2.2. Environmental Metagenomic Databases

Two environmental metagenomic databases were selected to test our chitinase mining strategy. The first one was CAMERA v2.0 [36] , available at http://camera.calit2.net/, which contains 84 unannotated metagenomic datasets with 135,704,056,943 nucleotide sequences. Six-frame translation of the nucleotide sequences was performed using the EMBOSS Transeq tool available at http://www.ebi.ac.uk/Tools/st/ and a total of 75 Gb of sequences were generated. The second database was IMG/M [26] , available at http://img.jgi.doe.gov/cgi-bin/m/main.cgi/, which includes 364 automatically annotated metagenomic datasets containing 119,059,610 amino acid sequences, making a total of 20 Gb. Database sequences were downloaded to a local server by June 2011.

2.3. Construction of Profiles HMM and Search for Putative Chitinase Homologues

First, multiple sequence alignments were generated for each chitinase reference set (seed alignments) using the default settings (“-auto”) of MAFFT v6.717b program [37] [38] . Alignment visualizations were carried out in Jalview version 2 [39] . The quality of each seed alignment was controlled by manual checking and, in a few cases, manual editing was necessary. Profile HMMs (pHMMs) were then built from each seed alignment using the hmmbuild program of HMMER v3.0 package (http://hmmer.janelia.org/). The 15 pHMMs generated were used to perform sequence database searches with the hmmsearch program also of the HMMER v3.0 package and an e-value threshold of 1.0E−05 against the two environmental databases CAMERA and IMG/M.

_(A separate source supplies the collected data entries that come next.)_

(* In the standing setup, let $\alpha=(\alpha_n)$ be a subsequence of $(p_n)$ with $\sum_{n=0}^\infty \ell_n^\alpha<+\infty$, let $\beta_n=\alpha_0\cdots\alpha_n$ and $r_n=B_\infty(\beta_n^{-1}i,\,i)$. Then $(r_n)_n$ converges to a real number $r_\alpha$, and $|r_n|\le\sum_{i=0}^\infty\ell_i^\alpha$ for all $n\ge0$; hence $|r_\alpha|\le\sum_{i=0}^\infty\ell_i^\alpha$.
   Context: Standing setup: $\mathbb H$ is the upper half-plane with distance $d$, $\partial\mathbb H=\mathbb R\cup\{\infty\}$; for $v\in T^1\mathbb H$, $v(t)$ is the unit-speed geodesic with initial vector $v$, $v(+\infty)$ its forward endpoint. Busemann function: $B_\xi(x,y)=\lim_{t\to\infty}(d(x,c(t))-d(y,c(t)))$ for a geodesic ray $c$ converging to $\xi$. For a horocycle $\tilde H$ and a parabolic isometry $p$ preserving it, $\ell(\tilde H,p)$ is the horocyclic arc length between $x$ and $px$ ($x\in\tilde H$); positive orientation is that of an arc-length parametrization with $p\tilde H(s)=\tilde H(s+\ell(\tilde H,p))$; $\tilde u$ is tangent to the oriented pair $(\tilde H,p)$ if $\tilde u(\mathbb R^+)$ is tangent to $\tilde H$ at $\tilde u(t_0)=\tilde H(s_0)$, $t_0\ge0$, with $\frac{d\tilde u}{dt}(t_0)=\frac{d\tilde H}{ds}(s_0)$ for a positively oriented parametrization. $\Gamma$ is a torsion-free Fuchsian group, $S=\Gamma\backslash\mathbb H$ has at least one cusp, $u\in T^1S$ is cusp-recurrent with lift $\tilde u$ normalized so that $\tilde u(0)=i$, $\tilde u(+\infty)=\infty$. $(\tilde H_n,p_n)_{n\in\mathbb N}$: $p_n\in\Gamma$ parabolic with fixed point $x_n\in\mathbb R$, $\tilde H_n$ horocycle centered at $x_n$, $\tilde u$ tangent to the oriented pair $(\tilde H_n,p_n)$ at $\tilde u(t_n)$, $(t_n)$ nonnegative increasing to $+\infty$, $x_n$ positive distinct increasing to $+\infty$, horoballs bounded by the $\tilde H_n$ pairwise disjoint, $\ell(\tilde H_n,p_n)\to0$. A subsequence $\alpha$ is $\alpha_n=p_{k_n}$ ($k_n$ increasing), $\ell_n^\alpha=\ell(\tilde H_{k_n},p_{k_n})$. *)

theory Defs
  imports "HOL-Analysis.Analysis"
begin

type_synonym mat2 = "real^2^2"

definition uhp :: "complex set" where
  "uhp = {z. Im z > 0}"

definition hdist :: "complex \<Rightarrow> complex \<Rightarrow> real" where
  "hdist z w = arcosh (1 + (cmod (z - w))^2 / (2 * Im z * Im w))"

definition busemann_inf :: "complex \<Rightarrow> complex \<Rightarrow> real" where
  "busemann_inf z w =
     Lim at_top (\<lambda>t::real. hdist z (\<i> * of_real (exp t)) - hdist w (\<i> * of_real (exp t)))"

definition moeb :: "mat2 \<Rightarrow> complex \<Rightarrow> complex" where
  "moeb A z = (of_real (A$1$1) * z + of_real (A$1$2)) / (of_real (A$2$1) * z + of_real (A$2$2))"

primrec mpow :: "mat2 \<Rightarrow> nat \<Rightarrow> mat2" where
  "mpow A 0 = mat 1"
| "mpow A (Suc n) = mpow A n ** A"

primrec mprod_upto :: "(nat \<Rightarrow> mat2) \<Rightarrow> nat \<Rightarrow> mat2" where
  "mprod_upto f 0 = f 0"
| "mprod_upto f (Suc n) = mprod_upto f n ** f (Suc n)"

definition is_pm_id :: "mat2 \<Rightarrow> bool" where
  "is_pm_id A \<longleftrightarrow> A = mat 1 \<or> A = - mat 1"

definition parabolic :: "mat2 \<Rightarrow> bool" where
  "parabolic A \<longleftrightarrow> det A = 1 \<and> \<not> is_pm_id A \<and> \<bar>trace A\<bar> = 2"

definition fixes_real :: "mat2 \<Rightarrow> real \<Rightarrow> bool" where
  "fixes_real A x \<longleftrightarrow> A$2$1 * x + A$2$2 \<noteq> 0 \<and> moeb A (of_real x) = of_real x"

text \<open>A torsion-free Fuchsian group, represented by its full preimage G in SL(2,R)
  (so G contains -1 and is a discrete subgroup of SL(2,R)).\<close>
definition torsion_free_fuchsian :: "mat2 set \<Rightarrow> bool" where
  "torsion_free_fuchsian G \<longleftrightarrow>
     (\<forall>A\<in>G. det A = 1) \<and> mat 1 \<in> G \<and> - mat 1 \<in> G \<and>
     (\<forall>A\<in>G. \<forall>B\<in>G. A ** B \<in> G) \<and> (\<forall>A\<in>G. matrix_inv A \<in> G) \<and>
     (\<forall>A\<in>G. \<exists>e>0. \<forall>B\<in>G. dist B A < e \<longrightarrow> B = A) \<and>
     (\<forall>A\<in>G. \<forall>n>0. is_pm_id (mpow A n) \<longrightarrow> is_pm_id A)"

definition horocycle :: "real \<Rightarrow> real \<Rightarrow> complex set" where
  "horocycle x h = {z. Im z > 0 \<and> cmod (z - (of_real x + \<i> * of_real (h/2))) = h/2}"

definition horoball :: "real \<Rightarrow> real \<Rightarrow> complex set" where
  "horoball x h = {z. Im z > 0 \<and> cmod (z - (of_real x + \<i> * of_real (h/2))) < h/2}"

definition arclength_param :: "complex set \<Rightarrow> (real \<Rightarrow> complex) \<Rightarrow> bool" where
  "arclength_param C H \<longleftrightarrow> bij_betw H UNIV C \<and>
     (\<forall>s. \<exists>v. (H has_vector_derivative v) (at s) \<and> cmod v = Im (H s))"

definition shift_param :: "complex set \<Rightarrow> mat2 \<Rightarrow> real \<Rightarrow> (real \<Rightarrow> complex) \<Rightarrow> bool" where
  "shift_param C p l H \<longleftrightarrow> arclength_param C H \<and> (\<forall>s. moeb p (H s) = H (s + l))"

text \<open>Horocyclic length l(C,p): the arc length between z and pz; the arc-length
  parametrizations H with p H(s) = H(s + l(C,p)) are the positively oriented ones.\<close>
definition horo_length :: "complex set \<Rightarrow> mat2 \<Rightarrow> real" where
  "horo_length C p = (THE l. l \<ge> 0 \<and> (\<exists>H. shift_param C p l H))"

text \<open>Normalized lift of u: the unit-speed geodesic with u(0) = i, u(+\<infinity>) = \<infinity>.\<close>
definition u_lift :: "real \<Rightarrow> complex" where
  "u_lift t = \<i> * of_real (exp t)"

2.4. Mining Strategy Validation

The resulting sequence database searches (described in detail in Section 2.3) were used to extract the best-hit sequences of each metagenomic dataset, that is, the hits which presented the lowest e-value parameter among all the sequences of a metagenomic project. Best-hit sequences were retrieved in a fasta format using fastacmd program of BLAST package [27] [40] and then scanned for the occurrence of chitinase conserved domains/ signatures using both InterPro v4.7 (http://www.ebi.ac.uk/interpro/) and RPS-BLAST v.2.2.21 resources, with a evalue threshold of 1.0E−05. InterPro v4.7 combines predictive models and protein signatures from 10 member databases (Gene3D, PANTHER, Pfam, PIRSF, PRINTS, ProDom, PROSITE, SMART, SUPERFAMILY and TIGRFAMs) [41] and RPS-BLAST v2.2.21 integrates seven conserved domain databases (CDD v2.25, Pfam v.24.0, Smart v.5.1, COG v1.0, KOG, TigrFam v9.0 and Prk v.5.0). These conserved domain and protein signature databases were downloaded from EBI and NCBI on October 2010. InterPro and RPS-BLAST search results were parsed into spreadsheets using an in-house ruby script, and the frequency of the different chitinase conserved domain/signatures was calculated.

2.5. Phylogenetic Analysis of Putative Chitinase Sequences

Best-hit sequences (described in detail in section 2.4) were selected to perform phylogenetic reconstructions using the Neighbor-Joining (NJ) algorithm from MEGA 5.05 [42] , p-distance model and 1000 bootstrap tests. Catalytic domain amino acid sequences from the chitinase reference sets and the selected best hit sequences were concatenated to generate a multiple sequence alignment using MAFFT v6.717b [37] , which was used as query to build the NJ trees with MEGA 5.05.

3. Results

The construction of chitinase-reference sequence sets was a key step in the success of the mining strategy applied in this work. The collection and grouping of chitinase sequences on subsets allowed the generation of 15 chitinase groups covering all the three chitinase GH families, in which 9 were fungal GH family-18, three were bacterial GH family-18, one was bacterial GH family-19, one was fungal GH family-20 and one was bacterial GH family-20 (Figure 1). The use of these chitinase-reference subsets enabled the production of high quality multiple sequence alignments and, consequently, the properly construction of chitinase pHMMs.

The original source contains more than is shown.